EXERCISE REQUIREMENTS => How many of the lines below hold the string "using"? Say only the number.

※ ※ ※

theorem theorem4p2:
  fixes V :: "'a set" and E :: "'a set set" and k :: nat
  assumes "simple_graph V E" and "V \<noteq> {}" and "1 \<le> k"
  shows "shellable (indep_complex V E) \<longleftrightarrow>
         k_shellable k (indep_complex (dup_vertices V k) (dup_edges E k))"
proof -
  let ?\<Delta> = "indep_complex V E"
  have finite_facets: "finite F" if "F \<in> facets ?\<Delta>" for F
  proof (rule finite_subset)
    show "F \<subseteq> V" using that unfolding facets_def indep_complex_def by blast
    show "finite V" using assms(1) unfolding simple_graph_def by blast
  qed
  have steps_iff:
    "(\<forall>j. 0 < j \<and> j < length (map (\<lambda>A. dup_vertices A k) Fs) \<longrightarrow>
        k_shelling_step k (map (\<lambda>A. dup_vertices A k) Fs) j) \<longleftrightarrow>
     (\<forall>j. 0 < j \<and> j < length Fs \<longrightarrow> shelling_step Fs j)"
    if "set Fs = facets ?\<Delta>" for Fs
  proof -
    have "finite (Fs ! j)" if "j < length Fs" for j
      using finite_facets nth_mem that \<open>set Fs = facets ?\<Delta>\<close> by blast
    then show ?thesis using k_shelling_step_map_dup_iff[OF assms(3)] by auto
  qed
  have inj: "inj_on (\<lambda>A. dup_vertices A k) (facets ?\<Delta>)"
    using inj_dup_vertices[OF assms(3)] by (rule inj_on_subset) simp
  show ?thesis
    unfolding shellable_iff_shelling_step k_shellable_iff_k_shelling_step
      facets_indep_complex_dup[OF assms(3)] ex_distinct_list_image_iff[OF inj]
    using assms(3) le_Max_card_indep_complex_dup[OF assms] steps_iff by blast
qed

end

※ ※ ※

RESULT FOR THIS TASK => 6